Yes. We will correct this typo.
- Line 117, isn’t the energy term order 1 after adding the 1/sqrt(d) normalization, so should be ‘intensive’ instead of ‘extensive’?
Thank you for the observation. You're correct that the exponent in Eq. (2) is of order 1—it represents the energy per data point. In this context, we use “intensive” to mean that the energy scales linearly with the number of data points n, i.e., the total energy is of order n. We will clarify this wording in the revised manuscript to avoid confusion.
- In the appendix, there should no longer be integrating over v in the second line of Eq 35.

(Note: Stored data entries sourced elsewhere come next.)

(* Let $\Gamma$ be an abelian group containing no element of order two. Let $M_1,M_2$ be matroids on a common ground set $E$, $\psi\colon E\to\Gamma$ a labeling, and $B$ a common basis of $M_1$ and $M_2$. If $C$ is a directed cycle of $D_{M_1,M_2}(B)$ with $\psi'(C)\neq 0$ such that no directed cycle $C'$ of $D_{M_1,M_2}(B)$ with $\psi'(C')\ne 0$ satisfies $V(C')\subsetneq V(C)$, then $B\triangle V(C)$ is a common basis of $M_1$ and $M_2$.
   Context: $\psi(S):=\sum_{x\in S}\psi(x)$. For a common basis $B$ of $M_1,M_2$, the digraph $D_{M_1,M_2}(B)$ has vertex set $E$ and arcs: for each $x\in B$, $y\in E\setminus B$ with $B-x+y$ a basis of $M_1$, an arc $xy$ with label $\psi'(xy):=\psi(y)$; and for each $x\in B$, $y\in E\setminus B$ with $B-x+y$ a basis of $M_2$, an arc $yx$ with label $\psi'(yx):=-\psi(x)$. The label $\psi'(C)$ of a directed cycle is the sum of the labels of its arcs; $C$ is non-zero if $\psi'(C)\neq0$. *)

theory Defs
  imports Main
begin

definition matroid :: "'a set \<Rightarrow> 'a set set \<Rightarrow> bool" where
  "matroid E \<B> \<longleftrightarrow> finite E \<and> \<B> \<noteq> {} \<and> (\<forall>B\<in>\<B>. B \<subseteq> E) \<and>
     (\<forall>B1\<in>\<B>. \<forall>B2\<in>\<B>. \<forall>x\<in>B1 - B2. \<exists>y\<in>B2 - B1. insert y (B1 - {x}) \<in> \<B>)"

definition exch_arcs :: "'a set \<Rightarrow> 'a set set \<Rightarrow> 'a set set \<Rightarrow> 'a set \<Rightarrow> ('a \<times> 'a) set" where
  "exch_arcs E M1 M2 B =
     {(x, y) | x y. x \<in> B \<and> y \<in> E - B \<and> insert y (B - {x}) \<in> M1} \<union>
     {(y, x) | x y. x \<in> B \<and> y \<in> E - B \<and> insert y (B - {x}) \<in> M2}"

definition arc_label :: "'a set \<Rightarrow> ('a \<Rightarrow> 'g::ab_group_add) \<Rightarrow> 'a \<times> 'a \<Rightarrow> 'g" where
  "arc_label B \<psi> a = (if fst a \<in> B then \<psi> (snd a) else - \<psi> (snd a))"

definition dcycle :: "('a \<times> 'a) set \<Rightarrow> 'a list \<Rightarrow> bool" where
  "dcycle A cs \<longleftrightarrow> cs \<noteq> [] \<and> distinct cs \<and>
     (\<forall>i < length cs. (cs ! i, cs ! ((i + 1) mod length cs)) \<in> A)"

definition cycle_label :: "'a set \<Rightarrow> ('a \<Rightarrow> 'g::ab_group_add) \<Rightarrow> 'a list \<Rightarrow> 'g" where
  "cycle_label B \<psi> cs = (\<Sum>i<length cs. arc_label B \<psi> (cs ! i, cs ! ((i + 1) mod length cs)))"

end

theory Submission
  imports Defs "HOL-Combinatorics.Orbits" "HOL-Library.Multiset"
begin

Yes. We will correct this typo.
Thank you for the detailed rebuttal. It further clarifies my understanding of the contributions of this paper. I will keep my score unchanged but raise my confidence score. I have also read the other reviews' comments and agree that there are many points in the paper that could benefit from careful revision, incorporating the point raised in both of our reviews.
Furthermore, a technical point, to push this results and increase its applicability, it would be nice to push the numerics to converge for larger k and r and check how it would deviate from the rank-1 approximation, i'm not sure what's the root of the technical difficulty to converge, so I'm not sure if it's doable within the rebuttal timeframe.

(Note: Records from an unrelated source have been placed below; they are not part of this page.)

lemma inner_green_integral_bound:
  assumes "0 \<le> m" "1 \<le> r"
  shows "\<bar>integral {1..r} (\<lambda>s. (s powr (1 + m) - s powr (1 - m)) / r powr m * F s)\<bar>
           \<le> r * (2 * S + g_L1)"
proof -
  define K where "K s = s powr (1 + m) - s powr (1 - m)" for s :: real
  have "\<bar>integral {1..r} (\<lambda>s. K s * F s)\<bar> \<le> r powr (1 + m) * (2 * S + g_L1)"
  proof (rule monotone_kernel_bound[where K' = "\<lambda>s. (1 + m) * s powr m - (1 - m) * s powr (- m)"])
    fix x assume x: "x \<in> {1..r}"
    then show "(K has_real_derivative (1 + m) * x powr m - (1 - m) * x powr (- m)) (at x)"
      unfolding K_def by (auto intro!: derivative_eq_intros)
    have "x powr (1 - m) \<le> x powr (1 + m)" "x powr (1 + m) \<le> r powr (1 + m)"
      using x \<open>0 \<le> m\<close> by (auto intro: powr_mono powr_mono2)
    moreover have "0 \<le> x powr (1 - m)"
      by simp
    ultimately show "0 \<le> K x \<and> K x \<le> r powr (1 + m)"
      unfolding K_def by arith
  next
    show "(\<forall>x\<in>{1..r}. 0 \<le> (1 + m) * x powr m - (1 - m) * x powr (- m))
        \<or> (\<forall>x\<in>{1..r}. (1 + m) * x powr m - (1 - m) * x powr (- m) \<le> 0)"
      using mult_powr_neg_le_mult_powr[OF \<open>0 \<le> m\<close>] by (intro disjI1) auto
  qed (use \<open>1 \<le> r\<close> in \<open>auto intro!: continuous_intros\<close>)
  note kernel_bound = this
  have "r powr (- m) * r powr (1 + m) = r"
    using \<open>1 \<le> r\<close> by (simp flip: powr_add)
  have "\<bar>integral {1..r} (\<lambda>s. (s powr (1 + m) - s powr (1 - m)) / r powr m * F s)\<bar>
      = r powr (- m) * \<bar>integral {1..r} (\<lambda>s. K s * F s)\<bar>"
    by (simp add: K_def powr_minus_divide abs_mult)
  also have "\<dots> \<le> r powr (- m) * (r powr (1 + m) * (2 * S + g_L1))"
    using kernel_bound by (rule mult_left_mono) simp
  also have "\<dots> = r * (2 * S + g_L1)"
    using \<open>r powr (- m) * r powr (1 + m) = r\<close> by (metis mult.assoc)
  finally show ?thesis .
qed

lemma outer_green_integral_bound:
  assumes "1 \<le> m" "1 \<le> r"
    and integrable: "(\<lambda>s. s powr (1 - m) * F s) integrable_on {1..}"
  shows "\<bar>integral {r..} (\<lambda>s. (s powr (1 - m) * r powr m - s powr (1 - m) * r powr (- m)) * F s)\<bar>
           \<le> r * (2 * S + g_L1)"
proof -
  define h where "h = (\<lambda>s. s powr (1 - m) * F s)"
  have partial: "\<bar>integral {r..T} h\<bar> \<le> r powr (1 - m) * (2 * S + g_L1)" if "r \<le> T" for T
    unfolding h_def
  proof (rule monotone_kernel_bound[where K' = "\<lambda>s. (1 - m) * s powr (- m)"])
    fix x assume x: "x \<in> {r..T}"
    then show "((\<lambda>s. s powr (1 - m)) has_real_derivative (1 - m) * x powr (- m)) (at x)"
      using \<open>1 \<le> r\<close> by (auto intro!: derivative_eq_intros)
    show "0 \<le> x powr (1 - m) \<and> x powr (1 - m) \<le> r powr (1 - m)"
      using x \<open>1 \<le> m\<close> \<open>1 \<le> r\<close> by (auto intro: powr_mono2')
  next
    show "(\<forall>x\<in>{r..T}. 0 \<le> (1 - m) * x powr (- m)) \<or> (\<forall>x\<in>{r..T}. (1 - m) * x powr (- m) \<le> 0)"
      using \<open>1 \<le> m\<close> by (auto intro!: disjI2 mult_nonpos_nonneg)
  qed (use \<open>1 \<le> r\<close> \<open>r \<le> T\<close> in \<open>auto intro!: continuous_intros\<close>)
  have "h integrable_on {r..}"
    using integrable_on_Ici_subset[OF integrable \<open>1 \<le> r\<close>] by (simp add: h_def)
  then have "((\<lambda>T. \<bar>integral {r..T} h\<bar>) \<longlongrightarrow> \<bar>integral {r..} h\<bar>) at_top"
    by (intro tendsto_rabs has_integral_Ici_tendsto) auto
  then have tail: "\<bar>integral {r..} h\<bar> \<le> r powr (1 - m) * (2 * S + g_L1)"
    by (rule tendsto_upperbound) (auto intro: eventually_at_top_linorderI[of r] partial)
  have "r powr m * r powr (1 - m) = r"
    using \<open>1 \<le> r\<close> by (simp flip: powr_add)
  have "(\<lambda>s. (s powr (1 - m) * r powr m - s powr (1 - m) * r powr (- m)) * F s)
      = (\<lambda>s. (r powr m - r powr (- m)) * h s)"
    by (auto simp: h_def algebra_simps)
  moreover have "0 \<le> r powr m - r powr (- m)"
    using \<open>1 \<le> r\<close> \<open>1 \<le> m\<close> by (auto intro: powr_mono)
  ultimately have "\<bar>integral {r..} (\<lambda>s. (s powr (1 - m) * r powr m - s powr (1 - m) * r powr (- m)) * F s)\<bar>
      = (r powr m - r powr (- m)) * \<bar>integral {r..} h\<bar>"
    by (simp add: abs_mult)
  also have "\<dots> \<le> r powr m * (r powr (1 - m) * (2 * S + g_L1))"
    using \<open>0 \<le> r powr m - r powr (- m)\<close> tail by (intro mult_mono) auto
  also have "\<dots> = r * (2 * S + g_L1)"
    using \<open>r powr m * r powr (1 - m) = r\<close> by (metis mult.assoc)
  finally show ?thesis .
qed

We sincerely appreciate your constructive feedback and are grateful for your acknowledgment of our work. We will carefully incorporate all the valuable suggestions from the reviews into our revision.

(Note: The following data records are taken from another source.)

(* Let $\mathbf y_t\in\mathbb{R}^q$ and $\mathbf z_t\in\mathbb{R}^m$, $1\le t\le T$, be observed (mean zero) time series, let $c,k\ge0$ be integers and $h\ge0$. Put $\mathbf x_t=(\mathbf z_t',\dots,\mathbf z_{t-c}')'\in\mathbb{R}^p$, $p=m(c+1)$, and let $\mathcal X_t$ be the $(k+1)\times p$ matrix with rows $\mathbf x_t',\dots,\mathbf x_{t-k}'$. For $\boldsymbol\beta\in\mathbb{R}^p$ and a $q\times(k+1)$ matrix $\boldsymbol\Gamma$ let $\mathbf e_{t+h|t}(\boldsymbol\beta,\boldsymbol\Gamma)=\mathbf y_{t+h}-\boldsymbol\Gamma\mathcal X_t\boldsymbol\beta$ and $$G_2(\boldsymbol\beta,\boldsymbol\Gamma)=\Big|\frac{1}{T-h-c-k}\sum_{t=c+k+1}^{T-h}\mathbf e_{t+h|t}(\boldsymbol\beta,\boldsymbol\Gamma)\mathbf e_{t+h|t}(\boldsymbol\beta,\boldsymbol\Gamma)'\Big|,$$ where $|\cdot|$ denotes the determinant. Let $(\widehat{\boldsymbol\beta},\widehat{\boldsymbol\Gamma})$ minimize $G_2$ and set $$\widehat{\boldsymbol\Sigma}=\frac{1}{T-c-k-h}\sum_{t=c+k+1}^{T-h}(\mathbf y_{t+h}-\widehat{\boldsymbol\Gamma}\mathcal X_t\widehat{\boldsymbol\beta})(\mathbf y_{t+h}-\widehat{\boldsymbol\Gamma}\mathcal X_t\widehat{\boldsymbol\beta})'.$$ Then (whenever the inverses below exist, in particular $|\widehat{\boldsymbol\Sigma}|>0$) $$\widehat{\boldsymbol\beta}=\Big[\frac{1}{T-c-k-h}\sum_{t=c+k+1}^{T-h}\mathcal X_t'\widehat{\boldsymbol\Gamma}'\widehat{\boldsymbol\Sigma}^{-1}\widehat{\boldsymbol\Gamma}\mathcal X_t\Big]^{-1}\Big[\frac{1}{T-c-k-h}\sum_{t=c+k+1}^{T-h}\mathcal X_t'\widehat{\boldsymbol\Gamma}'\widehat{\boldsymbol\Sigma}^{-1}\mathbf y_{t+h}\Big]$$ and $\widehat{\boldsymbol\Gamma}=\mathcal G(\widehat{\boldsymbol\beta})$, where $\mathcal G(\boldsymbol\beta)=\mathbf Y'\mathbf F(\boldsymbol\beta)(\mathbf F(\boldsymbol\beta)'\mathbf F(\boldsymbol\beta))^{-1}$.
   Context: $\mathbf f_t(\boldsymbol\beta)=\mathcal X_t\boldsymbol\beta\in\mathbb{R}^{k+1}$. $\mathbf F(\boldsymbol\beta)$ is the $(T-h-c-k)\times(k+1)$ matrix with rows $\mathbf f_t(\boldsymbol\beta)'$, $t=c+k+1,\dots,T-h$, and $\mathbf Y$ is the $(T-h-c-k)\times q$ matrix with corresponding rows $\mathbf y_{t+h}'$; $\mathcal G(\boldsymbol\beta)$ is the least squares coefficient matrix of regressing $\mathbf y_{t+h}$ on $\mathbf f_t(\boldsymbol\beta)$. *)

theory Defs
  imports "Jordan_Normal_Form.Determinant"
begin

(* Inverse of a square matrix (meaningful when invertible_mat A). *)
definition minv :: "real mat \<Rightarrow> real mat" where
  "minv A = (THE B. inverts_mat A B \<and> inverts_mat B A)"

definition mat_sum :: "nat \<Rightarrow> nat \<Rightarrow> (nat \<Rightarrow> real mat) \<Rightarrow> nat set \<Rightarrow> real mat" where
  "mat_sum n n' f S = mat n n' (\<lambda>(i,j). \<Sum>t\<in>S. f t $$ (i,j))"

definition outer :: "real vec \<Rightarrow> real mat" where
  "outer v = mat (dim_vec v) (dim_vec v) (\<lambda>(i,j). v $ i * v $ j)"

(* x_t = (z_t', ..., z_{t-c}')' in R^{m(c+1)}; entry j*m+i is the i-th entry of z_{t-j} *)
definition xvec :: "(nat \<Rightarrow> real vec) \<Rightarrow> nat \<Rightarrow> nat \<Rightarrow> nat \<Rightarrow> real vec" where
  "xvec z m c t = vec (m * (c + 1)) (\<lambda>l. z (t - l div m) $ (l mod m))"

definition Xmat :: "(nat \<Rightarrow> real vec) \<Rightarrow> nat \<Rightarrow> nat \<Rightarrow> nat \<Rightarrow> nat \<Rightarrow> real mat" where
  "Xmat z m c k t = mat (k + 1) (m * (c + 1)) (\<lambda>(r,l). xvec z m c (t - r) $ l)"

definition window :: "nat \<Rightarrow> nat \<Rightarrow> nat \<Rightarrow> nat \<Rightarrow> nat set" where
  "window c k h T = {c + k + 1 .. T - h}"

definition nobs :: "nat \<Rightarrow> nat \<Rightarrow> nat \<Rightarrow> nat \<Rightarrow> nat" where
  "nobs c k h T = T - h - c - k"

definition err :: "(nat \<Rightarrow> real vec) \<Rightarrow> (nat \<Rightarrow> real vec) \<Rightarrow> nat \<Rightarrow> nat \<Rightarrow> nat \<Rightarrow> nat
                    \<Rightarrow> real vec \<Rightarrow> real mat \<Rightarrow> nat \<Rightarrow> real vec" where
  "err y z m c k h \<beta> \<Gamma> t = y (t + h) - \<Gamma> *\<^sub>v (Xmat z m c k t *\<^sub>v \<beta>)"

definition resid_cov :: "(nat \<Rightarrow> real vec) \<Rightarrow> (nat \<Rightarrow> real vec) \<Rightarrow> nat \<Rightarrow> nat \<Rightarrow> nat \<Rightarrow> nat \<Rightarrow> nat \<Rightarrow> nat
                    \<Rightarrow> real vec \<Rightarrow> real mat \<Rightarrow> real mat" where
  "resid_cov y z q m c k h T \<beta> \<Gamma> =
     (1 / real (nobs c k h T)) \<cdot>\<^sub>m
       mat_sum q q (\<lambda>t. outer (err y z m c k h \<beta> \<Gamma> t)) (window c k h T)"

definition G2 :: "(nat \<Rightarrow> real vec) \<Rightarrow> (nat \<Rightarrow> real vec) \<Rightarrow> nat \<Rightarrow> nat \<Rightarrow> nat \<Rightarrow> nat \<Rightarrow> nat \<Rightarrow> nat
                    \<Rightarrow> real vec \<Rightarrow> real mat \<Rightarrow> real" where
  "G2 y z q m c k h T \<beta> \<Gamma> = det (resid_cov y z q m c k h T \<beta> \<Gamma>)"

(* F(beta): rows f_t(beta)' = (X_t beta)', t = c+k+1..T-h *)
definition Fmat :: "(nat \<Rightarrow> real vec) \<Rightarrow> nat \<Rightarrow> nat \<Rightarrow> nat \<Rightarrow> nat \<Rightarrow> nat \<Rightarrow> real vec \<Rightarrow> real mat" where
  "Fmat z m c k h T \<beta> = mat (nobs c k h T) (k + 1)
      (\<lambda>(r,j). (Xmat z m c k (c + k + 1 + r) *\<^sub>v \<beta>) $ j)"

(* Y: rows y_{t+h}', t = c+k+1..T-h *)
definition Ymat :: "(nat \<Rightarrow> real vec) \<Rightarrow> nat \<Rightarrow> nat \<Rightarrow> nat \<Rightarrow> nat \<Rightarrow> nat \<Rightarrow> real mat" where
  "Ymat y q c k h T = mat (nobs c k h T) q (\<lambda>(r,i). y (c + k + 1 + r + h) $ i)"

definition Gls :: "(nat \<Rightarrow> real vec) \<Rightarrow> (nat \<Rightarrow> real vec) \<Rightarrow> nat \<Rightarrow> nat \<Rightarrow> nat \<Rightarrow> nat \<Rightarrow> nat \<Rightarrow> nat
                    \<Rightarrow> real vec \<Rightarrow> real mat" where
  "Gls y z q m c k h T \<beta> =
     transpose_mat (Ymat y q c k h T) * Fmat z m c k h T \<beta>
       * minv (transpose_mat (Fmat z m c k h T \<beta>) * Fmat z m c k h T \<beta>)"

end

theory Submission
  imports Defs Complex_Main
begin

(* Since (beta, Gamma) minimises G_2, the determinant of the residual covariance is stationary along
   every line through the minimiser. Along a line the residuals become e_t - s u_t and the covariance
   becomes Sigma + s B + s^2 C with B = -(1/n) sum_t (e_t u_t' + u_t e_t'); by Jacobi's formula the
   derivative of its determinant at s = 0 is det Sigma tr(Sigma^-1 B), so stationarity is the
   orthogonality relation sum_t u_t' Sigma^-1 e_t = 0. Moving Gamma along Sigma Delta gives
   u_t = Sigma Delta f_t, and orthogonality for all Delta says sum_t e_t f_t' = 0, i.e. the least
   squares normal equations Gamma F'F = Y'F. Moving beta along delta gives u_t = Gamma X_t delta, and
   orthogonality for all delta is the generalised least squares normal equation for beta with
   weight Sigma^-1. *)

lemma minv_eqI:
  assumes "A \<in> carrier_mat n n" and "B \<in> carrier_mat n n"
    and "A * B = 1\<^sub>m n" and "B * A = 1\<^sub>m n"
  shows "minv A = B"
  unfolding minv_def
proof (rule the_equality)
  show "inverts_mat A B \<and> inverts_mat B A"
    using assms by (auto simp: inverts_mat_def)
next
  fix B' assume "inverts_mat A B' \<and> inverts_mat B' A"
  then have AB': "A * B' = 1\<^sub>m n" and B'A: "B' * A = 1\<^sub>m (dim_row B')"
    using assms(1) by (auto simp: inverts_mat_def)
  have "B' \<in> carrier_mat n n"
    using arg_cong[OF AB', of dim_col] arg_cong[OF B'A, of dim_col] assms(1) by auto
  then have "B' = B' * (A * B)"
    using assms(3) by simp
  also have "\<dots> = (B' * A) * B"
    using \<open>B' \<in> carrier_mat n n\<close> assms(1,2) by simp
  also have "\<dots> = B"
    using B'A \<open>B' \<in> carrier_mat n n\<close> assms(2) by simp
  finally show "B' = B" .
qed

lemma minv_inverse:
  assumes A: "A \<in> carrier_mat n n" and "invertible_mat A"
  shows "minv A \<in> carrier_mat n n" and "A * minv A = 1\<^sub>m n" and "minv A * A = 1\<^sub>m n"
proof -
  obtain B where AB: "A * B = 1\<^sub>m n" and BA: "B * A = 1\<^sub>m (dim_row B)"
    using assms unfolding invertible_mat_def inverts_mat_def by auto
  have B: "B \<in> carrier_mat n n"
    using arg_cong[OF AB, of dim_col] arg_cong[OF BA, of dim_col] A by auto
  then have "minv A = B"
    using minv_eqI[OF A B AB] BA by simp
  then show "minv A \<in> carrier_mat n n" and "A * minv A = 1\<^sub>m n" and "minv A * A = 1\<^sub>m n"
    using B AB BA by simp_all
qed

lemma invertible_mat_if_det_nonzero:
  assumes A: "A \<in> carrier_mat n n" and "det A \<noteq> (0 :: real)"
  shows "invertible_mat A"
proof -
  have "A \<in> Units (ring_mat TYPE(real) n n)"
    by (rule det_non_zero_imp_unit[OF assms])
  then obtain B where "B \<in> carrier_mat n n" "A * B = 1\<^sub>m n" "B * A = 1\<^sub>m n"
    unfolding Units_def ring_mat_def by auto
  then show ?thesis
    using A unfolding invertible_mat_def inverts_mat_def square_mat.simps by auto
qed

Regarding the numerical experiments with large k and r, we would like to clarify that both AMP-RBM and gradient descent (GD) perform well, as evidenced in Figure 5. The convergence challenge is specific to the state evolution (SE). Our experiments reveal that SE converges to the rank-1 solution when initialized with near-diagonal overlap matrices. However, for initializations with large non-diagonal elements, SE exhibits numerical instability. We hypothesize that this instability may stem from the presence of additional stationary points beyond those described in Corollary 1. Resolving this instability—either analytically or computationally—and characterizing these potential stationary points will be a key focus of our future research.
The paper considers RBM in the asymptotic limit where the input dimension goes to infinity but the number of hidden units remain finite. The authors then prove that the RBM training objective is equivalent to that of an unsupervised multi-index model with a non-separable penalty in this regime and proceed by applying techniques for the multi-index model to analyze the asymptotic behavior of RBM trained on the spiked covariance data, and deriving closed-form equations describing the gradient-descent dynamics of RBMs
During the rebuttal the authors answered satisfactorily to all concerns the reviewers had and the reviewers agreed that the paper should be acceptad with detailed revision, incorporating all points raised by the reviewers.